We have a bit of work to convert our `LabelList` in a `DataBunch` as we don't just want batches of IMDB reviews. We want to stream through all the concatenated texts. We also have to prepare the targets that are the newt words in the text. All of this is done with the next object called `LM_PreLoader`. At the beginning of each epoch, it'll shuffle the articles (if `shuffle=True`) and create a big stream by concatenating all of them. We divide this big stream in `bs` smaller streams. That we will read in chunks of bptt length.

[Jump_to lesson 12 video](https://course.fast.ai/videos/?lesson=12&t=5565)

In [155]:
# Just using those for illustration purposes, they're not used otherwise.
from IPython.display import display,HTML
import pandas as pd

Let's say our stream is:

In [156]:
stream = """
In this notebook, we will go back over the example of classifying movie reviews we studied in part 1 and dig deeper under the surface. 
First we will look at the processing steps necessary to convert text into numbers and how to customize it. By doing this, we'll have another example of the Processor used in the data block API.
Then we will study how we build a language model and train it.\n
"""
tokens = np.array(tp([stream])[0])

Here's how to split the data into 6 batches of 15 tokens each.
Here, the use of `bs` to denote the `number of batches` is potentially confusing because we've come to associate `bs` with `batch size`, so I've replaced `bs` with `n_batches`

In [157]:
n_batches,seq_len = 6,15
d_tokens = np.array([tokens[i*seq_len:(i+1)*seq_len] for i in range(n_batches)])
df = pd.DataFrame(d_tokens)
display(HTML(df.to_html(index=False,header=None)))

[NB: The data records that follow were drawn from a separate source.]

lemma c_transform_le: "c_transform p \<phi> x \<le> dist x y powr p - \<phi> (y :: 'a::{metric_space,finite})"
  unfolding c_transform_def by (rule cINF_lower) (auto intro: bdd_below_finite)

lemma integ_c_transform_le_wass_pow:
  fixes \<theta> \<nu> :: "'a::{metric_space,finite} pmf"
  shows "integ \<theta> (c_transform p \<phi>) + integ \<nu> \<phi> \<le> wass_pow p \<theta> \<nu>"
  using c_transform_le by (intro kantorovich_weak_duality) (simp add: le_diff_eq)

lemma c_transform_attained:
  obtains y :: "'a::{metric_space,finite}" where "c_transform p \<phi> x = dist x y powr p - \<phi> y"
proof -
  let ?R = "range (\<lambda>y :: 'a. dist x y powr p - \<phi> y)"
  have "c_transform p \<phi> x = Min ?R"
    unfolding c_transform_def by (rule cInf_eq_Min) auto
  moreover have "Min ?R \<in> ?R"
    by (rule Min_in) auto
  then obtain y where "Min ?R = dist x y powr p - \<phi> y"
    by blast
  ultimately show thesis
    by (intro that[of y]) simp
qed

lemma c_transform_diff_le:
  fixes y z :: "'a::{metric_space,finite}"
  assumes tri: "\<And>x y z :: 'a. dist x z powr p \<le> dist x y powr p + K * dist y z powr p"
  shows "c_transform p \<psi> y - c_transform p \<psi> z \<le> K * dist y z powr p"
proof -
  obtain w where w: "c_transform p \<psi> z = dist z w powr p - \<psi> w"
    by (rule c_transform_attained)
  have "c_transform p \<psi> y \<le> dist y w powr p - \<psi> w"
    by (rule c_transform_le)
  moreover have "dist w y powr p \<le> dist w z powr p + K * dist z y powr p"
    by (rule tri)
  ultimately show ?thesis
    using w by (simp add: dist_commute)
qed

lemma dual_gap_le_wass_pow:
  fixes \<theta> \<mu> \<nu> :: "'a::{metric_space,finite} pmf"
  assumes "0 \<le> K"
    and tri: "\<And>x y z :: 'a. dist x z powr p \<le> dist x y powr p + K * dist y z powr p"
    and "\<phi> = c_transform p \<psi>"
    and opt: "wass_pow p \<theta> \<mu> = integ \<mu> \<phi> + integ \<theta> \<psi>"
  shows "wass_pow p \<theta> \<nu> - (integ \<nu> \<phi> + integ \<theta> \<psi>) \<le> 2 * K * wass_pow p \<mu> \<nu>"
proof -
  have "wass_pow p \<theta> \<nu> \<le> wass_pow p \<theta> \<mu> + K * wass_pow p \<mu> \<nu>"
    by (rule wass_pow_quasi_triangle[OF \<open>0 \<le> K\<close> tri])
  moreover have "integ \<mu> \<phi> - integ \<nu> \<phi> \<le> K * wass_pow p \<mu> \<nu>"
    using \<open>0 \<le> K\<close> c_transform_diff_le[OF tri] unfolding \<open>\<phi> = _\<close>
    by (rule integ_diff_le_wass_pow)
  ultimately show ?thesis
    using opt by simp
qed

lemma overlap_coupling:
  fixes \<alpha> \<beta> :: "'a::finite pmf"
  obtains \<pi> where "\<pi> \<in> couplings \<alpha> \<beta>"
    and "(\<Sum>z\<in>{z. fst z \<noteq> snd z}. pmf \<pi> z) \<le> (\<Sum>x\<in>UNIV. \<bar>pmf \<alpha> x - pmf \<beta> x\<bar>)"
proof -
  define m where "m x = min (pmf \<alpha> x) (pmf \<beta> x)" for x
  define a where "a x = pmf \<alpha> x - m x" for x
  define b where "b x = pmf \<beta> x - m x" for x
  define t where "t = (\<Sum>x\<in>UNIV. a x)"
  have a0: "0 \<le> a x" and b0: "0 \<le> b x" and m0: "0 \<le> m x" for x
    by (auto simp: a_def b_def m_def)
  have sum_b: "(\<Sum>x\<in>UNIV. b x) = t"
    by (simp add: t_def a_def b_def sum_subtractf sum_pmf_eq_1)
  have "0 \<le> t"
    unfolding t_def by (rule sum_nonneg) (simp add: a0)
  \<comment> \<open>If \<open>t = 0\<close> then \<open>a = b = 0\<close>, so the division by zero below is harmless.\<close>
  have a_eq: "a x * t / t = a x" for x
    using a0 unfolding t_def by (cases "t = 0") (auto simp: t_def sum_nonneg_eq_0_iff)
  have b_eq: "t * b y / t = b y" for y
    using b0 sum_b by (cases "t = 0") (auto simp: sum_nonneg_eq_0_iff)
  \<comment> \<open>Keep the common mass \<open>m\<close> on the diagonal and transport the excess of \<open>\<alpha>\<close> to the excess of \<open>\<beta>\<close> independently.\<close>
  define f where "f z = (if fst z = snd z then m (fst z) else 0) + a (fst z) * b (snd z) / t" for z
  have f0: "0 \<le> f z" for z
    unfolding f_def using a0 b0 m0 \<open>0 \<le> t\<close> by auto
  have rows: "(\<Sum>y\<in>UNIV. f (x, y)) = pmf \<alpha> x" for x
  proof -
    have "(\<Sum>y\<in>UNIV. f (x, y)) = m x + a x * t / t"
      by (simp add: f_def sum.distrib sum_divide_distrib[symmetric] sum_distrib_left[symmetric] sum_b)
    then show ?thesis unfolding a_eq by (simp add: a_def)
  qed
  have cols: "(\<Sum>x\<in>UNIV. f (x, y)) = pmf \<beta> y" for y
  proof -
    have "(\<Sum>x\<in>UNIV. f (x, y)) = m y + t * b y / t"
      by (simp add: f_def sum.distrib sum_divide_distrib[symmetric] sum_distrib_right[symmetric] t_def)
    then show ?thesis unfolding b_eq by (simp add: b_def)
  qed
  have "(\<Sum>z\<in>{z. fst z \<noteq> snd z}. f z) = (\<Sum>(x, y)\<in>{z. fst z \<noteq> snd z}. a x * b y / t)"
    by (rule sum.cong) (auto simp: f_def)
  also have "\<dots> \<le> (\<Sum>(x, y)\<in>UNIV. a x * b y / t)"
    using a0 b0 \<open>0 \<le> t\<close> by (intro sum_mono2) auto
  also have "\<dots> = (\<Sum>x\<in>UNIV. \<Sum>y\<in>UNIV. a x * b y / t)"
    by (simp add: sum.cartesian_product)
  also have "\<dots> = t"
    by (simp add: sum_divide_distrib[symmetric] sum_distrib_left[symmetric] sum_b a_eq
        sum_distrib_right[symmetric] flip: t_def)
  also have "\<dots> \<le> (\<Sum>x\<in>UNIV. \<bar>pmf \<alpha> x - pmf \<beta> x\<bar>)"
    unfolding t_def by (intro sum_mono) (auto simp: a_def m_def)
  finally show thesis
    using embed_pmf_in_couplings[OF f0 rows cols] by (intro that[of "embed_pmf f"]) auto
qed

lemma wass_pow_le_offdiag_mass:
  fixes \<alpha> \<beta> :: "'a::{metric_space,finite} pmf"
  assumes "\<pi> \<in> couplings \<alpha> \<beta>" and D: "\<And>x y :: 'a. dist x y powr p \<le> D"
  shows "wass_pow p \<alpha> \<beta> \<le> D * (\<Sum>z\<in>{z. fst z \<noteq> snd z}. pmf \<pi> z)"
proof -
  have "wass_pow p \<alpha> \<beta> \<le> integ \<pi> (\<lambda>(x, y). dist x y powr p)"
    by (rule wass_pow_le_integ[OF assms(1)])
  also have "\<dots> = (\<Sum>z\<in>{z. fst z \<noteq> snd z}. (case z of (x, y) \<Rightarrow> dist x y powr p) * pmf \<pi> z)"
    unfolding integ_def by (rule integral_measure_pmf_real) auto
  also have "\<dots> \<le> (\<Sum>z\<in>{z. fst z \<noteq> snd z}. D * pmf \<pi> z)"
    by (intro sum_mono mult_right_mono) (auto simp: D split: prod.split)
  finally show ?thesis
    by (simp add: sum_distrib_left)
qed

lemma wass_pow_le_l1_dist:
  fixes \<alpha> \<beta> :: "'a::{metric_space,finite} pmf"
  assumes D: "\<And>x y :: 'a. dist x y powr p \<le> D"
  shows "wass_pow p \<alpha> \<beta> \<le> D * (\<Sum>x\<in>UNIV. \<bar>pmf \<alpha> x - pmf \<beta> x\<bar>)"
proof -
  obtain \<pi> where \<pi>: "\<pi> \<in> couplings \<alpha> \<beta>"
    and mass: "(\<Sum>z\<in>{z. fst z \<noteq> snd z}. pmf \<pi> z) \<le> (\<Sum>x\<in>UNIV. \<bar>pmf \<alpha> x - pmf \<beta> x\<bar>)"
    by (rule overlap_coupling)
  have "0 \<le> D"
    using D[of undefined undefined] by simp
  with wass_pow_le_offdiag_mass[OF \<pi> D] mass show ?thesis
    by (meson mult_left_mono order_trans)
qed

lemma compact_range_pmf_vec: "compact (range (\<lambda>\<nu> :: 'a::finite pmf. \<chi> x. pmf \<nu> x))"
proof -
  let ?S = "{v :: real^'a. (\<forall>x. 0 \<le> v $ x) \<and> (\<Sum>x\<in>UNIV. v $ x) = 1}"
  have "range (\<lambda>\<nu> :: 'a pmf. \<chi> x. pmf \<nu> x) = ?S"
  proof (intro equalityI subsetI)
    fix v assume "v \<in> range (\<lambda>\<nu> :: 'a pmf. \<chi> x. pmf \<nu> x)"
    then show "v \<in> ?S" by (auto simp: sum_pmf_eq_1)
  next
    fix v assume v: "v \<in> ?S"
    then have "(\<integral>\<^sup>+x. ennreal (v $ x) \<partial>count_space UNIV) = 1"
      by (simp add: nn_integral_count_space_finite sum_ennreal)
    then have "pmf (embed_pmf (\<lambda>x. v $ x)) = (\<lambda>x. v $ x)"
      using v by (intro ext pmf_embed_pmf) auto
    then show "v \<in> range (\<lambda>\<nu> :: 'a pmf. \<chi> x. pmf \<nu> x)"
      by (intro image_eqI[where x = "embed_pmf (\<lambda>x. v $ x)"]) (simp_all add: vec_eq_iff)
  qed
  moreover have "bounded ?S"
    unfolding bounded_iff
  proof (intro exI[of _ 1] ballI)
    fix v assume "v \<in> ?S"
    then have "(\<Sum>x\<in>UNIV. \<bar>v $ x\<bar>) = 1" by auto
    then show "norm v \<le> 1" using norm_le_l1_cart[of v] by simp
  qed
  moreover have "closed ?S"
    by (intro closed_Collect_conj closed_Collect_all closed_Collect_le closed_Collect_eq continuous_intros)
  ultimately show ?thesis
    by (metis compact_eq_bounded_closed)
qed

lemma finite_pmf_net:
  assumes "0 < \<rho>"
  obtains C :: "'a::finite pmf set"
  where "finite C" and "\<And>\<nu>. \<exists>c\<in>C. \<forall>x. \<bar>pmf c x - pmf \<nu> x\<bar> < \<rho>"
proof -
  let ?vec = "\<lambda>\<nu> :: 'a pmf. \<chi> x. pmf \<nu> x"
  have "\<exists>V. finite V \<and> V \<subseteq> range ?vec \<and> range ?vec \<subseteq> (\<Union>v\<in>V. ball v \<rho>)"
    using seq_compact_imp_totally_bounded[OF compact_imp_seq_compact[OF compact_range_pmf_vec]] assms
    by blast
  then obtain V where "finite V" "V \<subseteq> range ?vec" and cover: "range ?vec \<subseteq> (\<Union>v\<in>V. ball v \<rho>)"
    by blast
  obtain C where "finite C" and V: "V = ?vec ` C"
    using finite_subset_image[OF \<open>finite V\<close> \<open>V \<subseteq> range ?vec\<close>] by blast
  have "\<exists>c\<in>C. \<forall>x. \<bar>pmf c x - pmf \<nu> x\<bar> < \<rho>" for \<nu>
  proof -
    have "?vec \<nu> \<in> (\<Union>c\<in>C. ball (?vec c) \<rho>)"
      using cover unfolding V by blast
    then obtain c where "c \<in> C" and "dist (?vec c) (?vec \<nu>) < \<rho>"
      by auto
    moreover have "\<bar>pmf c x - pmf \<nu> x\<bar> \<le> dist (?vec c) (?vec \<nu>)" for x
      using component_le_norm_cart[of "?vec c - ?vec \<nu>" x] by (simp add: dist_norm)
    ultimately show ?thesis
      by (blast intro: le_less_trans)
  qed
  with \<open>finite C\<close> show thesis by (rule that)
qed

lemma wass_pow_finite_net:
  assumes "0 < \<eta>"
  obtains C :: "'a::{metric_space,finite} pmf set"
  where "finite C" and "\<And>\<nu>. \<exists>c\<in>C. wass_pow p c \<nu> < \<eta>"
proof -
  define D where "D = Max (range (\<lambda>(x :: 'a, y). dist x y powr p))"
  have D: "dist x y powr p \<le> D" for x y :: 'a
    unfolding D_def by (rule Max_ge) (auto intro: image_eqI[where x = "(x, y)"])
  have "0 \<le> D" using D[of undefined undefined] by simp
  define N where "N = real CARD('a)"
  have "0 \<le> N" by (simp add: N_def)
  define \<rho> where "\<rho> = \<eta> / ((D + 1) * (N + 1))"
  have "0 < \<rho>" using assms \<open>0 \<le> D\<close> by (simp add: \<rho>_def N_def)
  then obtain C :: "'a pmf set" where "finite C" and net: "\<And>\<nu>. \<exists>c\<in>C. \<forall>x. \<bar>pmf c x - pmf \<nu> x\<bar> < \<rho>"
    using finite_pmf_net by blast
  have "\<exists>c\<in>C. wass_pow p c \<nu> < \<eta>" for \<nu>
  proof -
    obtain c where "c \<in> C" and close: "\<forall>x. \<bar>pmf c x - pmf \<nu> x\<bar> < \<rho>"
      using net by blast
    have "wass_pow p c \<nu> \<le> D * (\<Sum>x\<in>UNIV. \<bar>pmf c x - pmf \<nu> x\<bar>)"
      by (rule wass_pow_le_l1_dist[OF D])
    also have "\<dots> \<le> D * (N * \<rho>)"
      using close \<open>0 \<le> D\<close> unfolding N_def
      by (intro mult_left_mono) (auto intro: sum_bounded_above less_imp_le)
    also have "\<dots> = D * N * (\<eta> / ((D + 1) * (N + 1)))"
      by (simp add: \<rho>_def)
    also have "\<dots> < (D + 1) * (N + 1) * (\<eta> / ((D + 1) * (N + 1)))"
      using \<open>0 < \<rho>\<close> \<open>0 \<le> D\<close> \<open>0 \<le> N\<close> unfolding \<rho>_def
      by (intro mult_strict_right_mono) (auto simp: algebra_simps)
    also have "\<dots> = \<eta>"
      using \<open>0 \<le> D\<close> \<open>0 \<le> N\<close> by simp
    finally show ?thesis using \<open>c \<in> C\<close> by blast
  qed
  with \<open>finite C\<close> show thesis by (rule that)
qed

0,1,2,3,4,5,6,7,8,9,10,11,12,13,14
xxbos,\n,xxmaj,in,this,notebook,",",we,will,go,back,over,the,example,of
classifying,movie,reviews,we,studied,in,part,1,and,dig,deeper,under,the,surface,.
\n,xxmaj,first,we,will,look,at,the,processing,steps,necessary,to,convert,text,into
numbers,and,how,to,customize,it,.,xxmaj,by,doing,this,",",we,'ll,have
another,example,of,the,xxmaj,processor,used,in,the,data,block,api,.,\n,xxmaj
then,we,will,study,how,we,build,a,language,model,and,train,it,.,\n\n


In [158]:
# we can also view the data frame like this:
df

Unnamed: 0,0,1,2,3,4,5,6,7,8,9,10,11,12,13,14
0,xxbos,\n,xxmaj,in,this,notebook,",",we,will,go,back,over,the,example,of
1,classifying,movie,reviews,we,studied,in,part,1,and,dig,deeper,under,the,surface,.
2,\n,xxmaj,first,we,will,look,at,the,processing,steps,necessary,to,convert,text,into
3,numbers,and,how,to,customize,it,.,xxmaj,by,doing,this,",",we,'ll,have
4,another,example,of,the,xxmaj,processor,used,in,the,data,block,api,.,\n,xxmaj
5,then,we,will,study,how,we,build,a,language,model,and,train,it,.,\n\n


Splitting each batch of 15 tokens into 3 sub-batches of 5 tokens each can be done like this
Here, `bptt` means `back-propagation through time`

In [159]:
n_batches,bptt = 6,5
for k in range(3):
    d_tokens = np.array([tokens[i*seq_len + k*bptt:i*seq_len + (k+1)*bptt] for i in range(n_batches)])
    df = pd.DataFrame(d_tokens)
    #display(HTML(df.to_html(index=False,header=None)))
    display(df)

Unnamed: 0,0,1,2,3,4
0,xxbos,\n,xxmaj,in,this
1,classifying,movie,reviews,we,studied
2,\n,xxmaj,first,we,will
3,numbers,and,how,to,customize
4,another,example,of,the,xxmaj
5,then,we,will,study,how


Unnamed: 0,0,1,2,3,4
0,notebook,",",we,will,go
1,in,part,1,and,dig
2,look,at,the,processing,steps
3,it,.,xxmaj,by,doing
4,processor,used,in,the,data
5,we,build,a,language,model


Unnamed: 0,0,1,2,3,4
0,back,over,the,example,of
1,deeper,under,the,surface,.
2,necessary,to,convert,text,into
3,this,",",we,'ll,have
4,block,api,.,\n,xxmaj
5,and,train,it,.,\n\n


In [160]:
#export
class LM_PreLoader():
    def __init__(self, data, bs=64, bptt=70, shuffle=False):
        self.data,self.bs,self.bptt,self.shuffle = data,bs,bptt,shuffle
        total_len = sum([len(t) for t in data.x])
        self.n_batch = total_len // bs
        self.batchify()
    
    def __len__(self): return ((self.n_batch-1) // self.bptt) * self.bs
    
    def batchify(self):
        texts = self.data.x
        if self.shuffle: texts = texts[torch.randperm(len(texts))]
        stream = torch.cat([tensor(t) for t in texts])
        self.batched_data = stream[:self.n_batch * self.bs].view(self.bs, self.n_batch)
        
    def __getitem__(self, idx):
        source = self.batched_data[idx % self.bs] # % is the mod() operation
        seq_idx = (idx // self.bs) * self.bptt
        return source[seq_idx:seq_idx+self.bptt],source[seq_idx+1:seq_idx+self.bptt+1]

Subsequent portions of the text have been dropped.